This single target performs both the historically-load-bearing steps:

  1. Validates VERSION against the PEP 440 regex ^[0-9]+\.[0-9]+\.[0-9]+(rc[0-9]+|a[0-9]+|b[0-9]+|\.dev[0-9]+)?$. Final, rcN, aN, bN, .devN are accepted; anything else exits 2.

  2. Rewrites src/eval_toolkit/_version.py with the new __version__. (pyproject.toml’s version is dynamic = ["version"] pointing at this file — do NOT edit pyproject’s version directly.)

  3. Regenerates tests/golden/public_api/snapshot.json by running REGEN_PUBLIC_API_GOLDEN=1 pytest tests/test_public_api.py -q.

  4. Prints the remaining manual steps (CHANGELOG edit, commit, tag).

Why this matters: the public-API drift-guard test (tests/test_public_api.py) pins __version__ as one of the snapshot’s value entries. If you skip the regen, CI will fail on the release commit with:

AssertionError: Public API entry drift (signatures/bases/docs/values):
    __version__.value: actual="'X.Y.Z'" expected="'A.B.C'"

Forgetting the regen bit v0.28.0 / v0.28.1 / v0.29.0 / v0.30.0 — the exact failure mode the release-prep target now prevents. Recovery (if you ever still hit it): re-run make release-prep VERSION=X.Y.Z, amend the release commit (or push a follow-up fix(release): regen public_api snapshot commit).

Manual fallback (no Make available)#

If for any reason you cannot run make:

# 1. Bump _version.py manually
cat > src/eval_toolkit/_version.py <<'EOF'
"""Single lightweight version source."""

__all__ = ["__version__"]

__version__ = "X.Y.Z"
EOF

# 2. Regen snapshot
REGEN_PUBLIC_API_GOLDEN=1 uv run python -m pytest tests/test_public_api.py

2. CHANGELOG#

Convert the [Unreleased] section to ## [X.Y.Z] YYYY-MM-DD <short>. Add a brief summary paragraph and the section list. Use today’s UTC date for the YYYY-MM-DD.

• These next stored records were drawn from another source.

(* Let $\bar w\in\mathbb{R}^{d_1}\setminus\{0\}$ and $\bar x\in\mathbb{R}^{d_2}\setminus\{0\}$. The set of points $(w,x)$ with $0\in\partial f_P(w,x)$ (limiting subdifferential) is exactly $$\mathcal{S}\cup\{0\}\cup\{(w,x):\langle w,\bar w\rangle=0,\ \langle x,\bar x\rangle=0,\ wx^\top=0\},$$ where $\mathcal{S}=\{(\alpha\bar w,\bar x/\alpha):\alpha\in\mathbb{R}\setminus\{0\}\}$.
   Context: The population objective is $f_P(w,x)=\mathbb{E}\,|a^\top(wx^\top-\bar w\bar x^\top)b|$ with $a\sim N(0,I_{d_1})$, $b\sim N(0,I_{d_2})$ independent. The limiting subdifferential $\partial h(\bar z)$ of a function $h$ is the set of $\xi$ for which there exist $z_n\to\bar z$ with $h(z_n)\to h(\bar z)$ and $\xi_n\to\xi$, where each $\xi_n$ is a Fréchet subgradient at $z_n$, i.e. $h(z)\ge h(z_n)+\langle\xi_n,z-z_n\rangle+o(\|z-z_n\|)$ as $z\to z_n$. *)

theory Defs
  imports "HOL-Probability.Probability"
begin

definition std_gaussian :: "(real ^ 'n) measure" where
  "std_gaussian = density lborel
     (\<lambda>a. ennreal ((2 * pi) powr (- real CARD('n) / 2) * exp (- (norm a)\<^sup>2 / 2)))"

definition outer :: "real ^ 'n \<Rightarrow> real ^ 'm \<Rightarrow> real ^ 'm ^ 'n" where
  "outer w x = (\<chi> i j. w $ i * x $ j)"

definition fP :: "real ^ 'n \<Rightarrow> real ^ 'm \<Rightarrow> (real ^ 'n) \<times> (real ^ 'm) \<Rightarrow> real" where
  "fP wbar xbar z = (case z of (w, x) \<Rightarrow>
     integral\<^sup>L (std_gaussian \<Otimes>\<^sub>M std_gaussian)
       (\<lambda>(a, b). \<bar>a \<bullet> ((outer w x - outer wbar xbar) *v b)\<bar>))"

definition frechet_subgrad :: "('a::real_inner \<Rightarrow> real) \<Rightarrow> 'a \<Rightarrow> 'a \<Rightarrow> bool" where
  "frechet_subgrad h z \<xi> \<longleftrightarrow>
     (\<forall>\<epsilon>>0. \<forall>\<^sub>F y in at z. h y \<ge> h z + \<xi> \<bullet> (y - z) - \<epsilon> * norm (y - z))"

definition limiting_subdiff :: "('a::real_inner \<Rightarrow> real) \<Rightarrow> 'a \<Rightarrow> 'a set" where
  "limiting_subdiff h z = {\<xi>. \<exists>zs \<xi>s. zs \<longlonglongrightarrow> z \<and> (\<lambda>n. h (zs n)) \<longlonglongrightarrow> h z \<and>
      \<xi>s \<longlonglongrightarrow> \<xi> \<and> (\<forall>n. frechet_subgrad h (zs n) (\<xi>s n))}"

end

theory Submission
  imports Defs
begin

text \<open>The objective is continuous and convex in each of the blocks \<open>w\<close> and \<open>x\<close>. For
  \<open>w \<noteq> 0\<close> the block \<open>x \<mapsto> fP wbar xbar (w, x)\<close> has the strict minimiser
  \<open>x = ((w \<bullet> wbar) / (w \<bullet> w)) *\<^sub>R xbar\<close>: reflecting the Gaussian vector \<open>a\<close> in the
  hyperplane orthogonal to \<open>w\<close> shows that the value there is the average of two strictly
  larger values. Away from this minimiser a step towards it decreases the objective, and
  convexity along the step bounds that decrease by the norm of any nearby Frechet
  subgradient, so \<open>0\<close> is not a limiting subgradient; likewise with \<open>w\<close> and \<open>x\<close> exchanged.
  What survives are the global minimisers \<open>(\<alpha> *\<^sub>R wbar, (1 / \<alpha>) *\<^sub>R xbar)\<close> and the points
  with \<open>w \<bullet> wbar = 0\<close>, \<open>x \<bullet> xbar = 0\<close> and \<open>w = 0 \<or> x = 0\<close>. At the latter the objective
  has the minorant \<open>fP wbar xbar (w, x) - C * norm (w' - w) * norm (x' - x)\<close>, because every
  term of the expansion around \<open>(w, x)\<close> except the one along \<open>(wbar, xbar)\<close> is odd under a
  Householder reflection; such a quadratic minorant makes \<open>0\<close> a Frechet subgradient.\<close>

section \<open>Householder reflections\<close>

text \<open>For \<open>e = 0\<close> the division by \<open>e \<bullet> e = 0\<close> makes \<open>householder 0\<close> the identity,
  so the lemmas below need no hypothesis on \<open>e\<close>.\<close>

definition householder :: "'a::real_inner \<Rightarrow> 'a \<Rightarrow> 'a" where
  "householder e a = a - (2 * (a \<bullet> e) / (e \<bullet> e)) *\<^sub>R e"

lemma linear_householder: "linear (householder e)"
  unfolding householder_def
  by (intro linearI) (auto simp: algebra_simps inner_add_left add_divide_distrib)

lemma householder_inner_self [simp]: "householder e a \<bullet> e = - (a \<bullet> e)"
  by (cases "e = 0") (simp_all add: householder_def inner_diff_left)

lemma householder_inner_orthogonal: "v \<bullet> e = 0 \<Longrightarrow> householder e a \<bullet> v = a \<bullet> v"
  unfolding householder_def
  by (metis inner_commute inner_diff_left inner_scaleR_left mult_zero_right diff_zero)

lemma householder_inner_householder: "householder e a \<bullet> householder e b = a \<bullet> b"
  by (cases "e = 0")
    (simp_all add: householder_def inner_diff_left inner_diff_right algebra_simps inner_commute)

lemma orthogonal_transformation_householder: "orthogonal_transformation (householder e)"
  unfolding orthogonal_transformation_def
  using linear_householder householder_inner_householder by blast

section \<open>Linear maps scale Lebesgue measure\<close>

text \<open>The library proves this, with the constant \<open>\<bar>det (matrix f)\<bar>\<close>, only for index
  types of sort \<open>wellorder\<close>; the bare existence of a scaling constant holds for every
  finite index type and suffices for orthogonal transformations.\<close>

definition scales_lebesgue_measure :: "(real^'n \<Rightarrow> real^'n) \<Rightarrow> bool" where
  "scales_lebesgue_measure f \<longleftrightarrow> (\<exists>c. \<forall>S \<in> lmeasurable.
     f ` S \<in> lmeasurable \<and> measure lebesgue (f ` S) = c * measure lebesgue S)"

lemma scales_lebesgue_measure_if_cbox:
  fixes f :: "real^'n \<Rightarrow> real^'n"
  assumes "linear f"
    and "\<And>a b. measure lebesgue (f ` cbox a b) = c * measure lebesgue (cbox a b)"
  shows "scales_lebesgue_measure f"
  unfolding scales_lebesgue_measure_def
  using measure_linear_sufficient[OF assms(1) _ assms(2)] by metis

lemma measure_swap_coordinates_cbox:
  fixes a b :: "real^'n"
  shows "measure lebesgue ((\<lambda>v. \<chi> i. v $ Transposition.transpose m n i) ` cbox a b)
    = measure lebesgue (cbox a b)"
proof (cases "cbox a b = {}")
  case False
  let ?h = "\<lambda>v::real^'n. \<chi> i. v $ Transposition.transpose m n i"
  have image: "?h ` cbox a b = cbox (?h a) (?h b)"
    by (auto simp: image_iff lambda_swap_Galois mem_box_cart) (metis transpose_involutory)+
  then have "?h ` cbox a b \<noteq> {}"
    using False by blast
  then show ?thesis
    using prod.permute[OF permutes_swap_id, where S=UNIV and g="\<lambda>i. (b - a) $ i", symmetric]
    by (simp add: image content_cbox_cart False)
qed simp

lemma measure_shear_coordinates_cbox:
  fixes a b :: "real^'n"
  assumes "m \<noteq> n"
  shows "measure lebesgue ((\<lambda>v. \<chi> i. if i = m then v $ m + v $ n else v $ i) ` cbox a b)
    = measure lebesgue (cbox a b)"
proof (cases "cbox a b = {}")
  case False
  let ?h = "\<lambda>v::real^'n. \<chi> i. if i = m then v $ m + v $ n else v $ i"
  let ?v = "\<chi> i. if i = n then - a $ n else 0"
  have "?h ` cbox a b = (+) (\<chi> i. if i = m \<or> i = n then a $ n else 0) ` ?h ` (+) ?v ` cbox a b"
    using assms unfolding image_comp o_def by (force simp: vec_eq_iff)
  then have "measure lebesgue (?h ` cbox a b) = measure lebesgue (?h ` (+) ?v ` cbox a b)"
    by (simp only: measure_translation)
  also have "\<dots> = measure lebesgue (?h ` cbox (?v + a) (?v + b))"
    by (metis (no_types, lifting) cbox_translation)
  also have "\<dots> = measure lebesgue ((+) ?v ` cbox a b)"
  proof -
    have "(+) ?v ` cbox a b \<noteq> {}"
      using False by blast
    then show ?thesis
      using assms by (subst measure_shear_interval) (auto simp: cbox_translation)
  qed
  also have "\<dots> = measure lebesgue (cbox a b)"
    by (rule measure_translation)
  finally show ?thesis .
qed simp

Keep ## [Unreleased] as an empty placeholder above the new entry.

3. Commit#

Stage explicitly (never git add ..env.local and personal scratch files must stay unstaged):

git add src/eval_toolkit/_version.py CHANGELOG.md tests/golden/public_api/snapshot.json
git commit -m "release: vX.Y.Z — <short description>"

Push to main:

git push origin main

4. Wait for CI green#

Three workflows fire on a push to main:

  • CI — full test matrix (3 OS × Py3.13) + lint + type + coverage gate + base-install + pip-audit

  • CodeQL — static security analysis

  • Deploy docs — builds + deploys Sphinx site to GitHub Pages

All three must be green before tagging. Verify via:

gh run list --branch main --limit 5

Or via the web UI: https://github.com/brandon-behring/eval-toolkit/actions.

Release#

5. Tag#

git tag -a vX.Y.Z -m "vX.Y.Z — <short description>

<longer release notes — paste relevant CHANGELOG section here>"

Use an annotated tag (-a), not a lightweight one. The publish workflow keys off refs/tags/v*; annotated tags carry the release notes that GitHub’s Releases UI surfaces.

6. Push tag#

git push origin vX.Y.Z

This triggers publish.yml (→ PyPI via Trusted Publishing OIDC) and the Deploy docs workflow re-fires with the new tag.

7. Watch the publish#

gh run watch --workflow=publish.yml

Expected: ~3 min wall time. The publish-testpypi job will be SKIPPED (only fires on *rcN / *aN / *bN / *devN tags); the publish-pypi job uploads sdist + wheel to real PyPI.

Post-release#

8. Verify install#

PyPI’s simple-index has eventual-consistency caching — a fresh release can take 30-60 seconds to appear in the index even after publish.yml completes successfully. The first pip install eval-toolkit==X.Y.Z may fail with “no version found”; retry in a minute. This bit us in v0.28.0 verification.

TS=$(date +%s)
uv venv --python 3.13 "/tmp/etk-verify-$TS"
source "/tmp/etk-verify-$TS/bin/activate"
uv pip install --no-cache --refresh "eval-toolkit==X.Y.Z"
python -c "
import eval_toolkit
print(f'__version__: {eval_toolkit.__version__}')
import importlib.metadata as M
assert eval_toolkit.__version__ == M.version('eval-toolkit') == 'X.Y.Z'
print('version consistency: OK')
"

9. Update memory#

Update the project_etk_on_pypi memory file to reflect the new current PyPI version + note any new public API in the release.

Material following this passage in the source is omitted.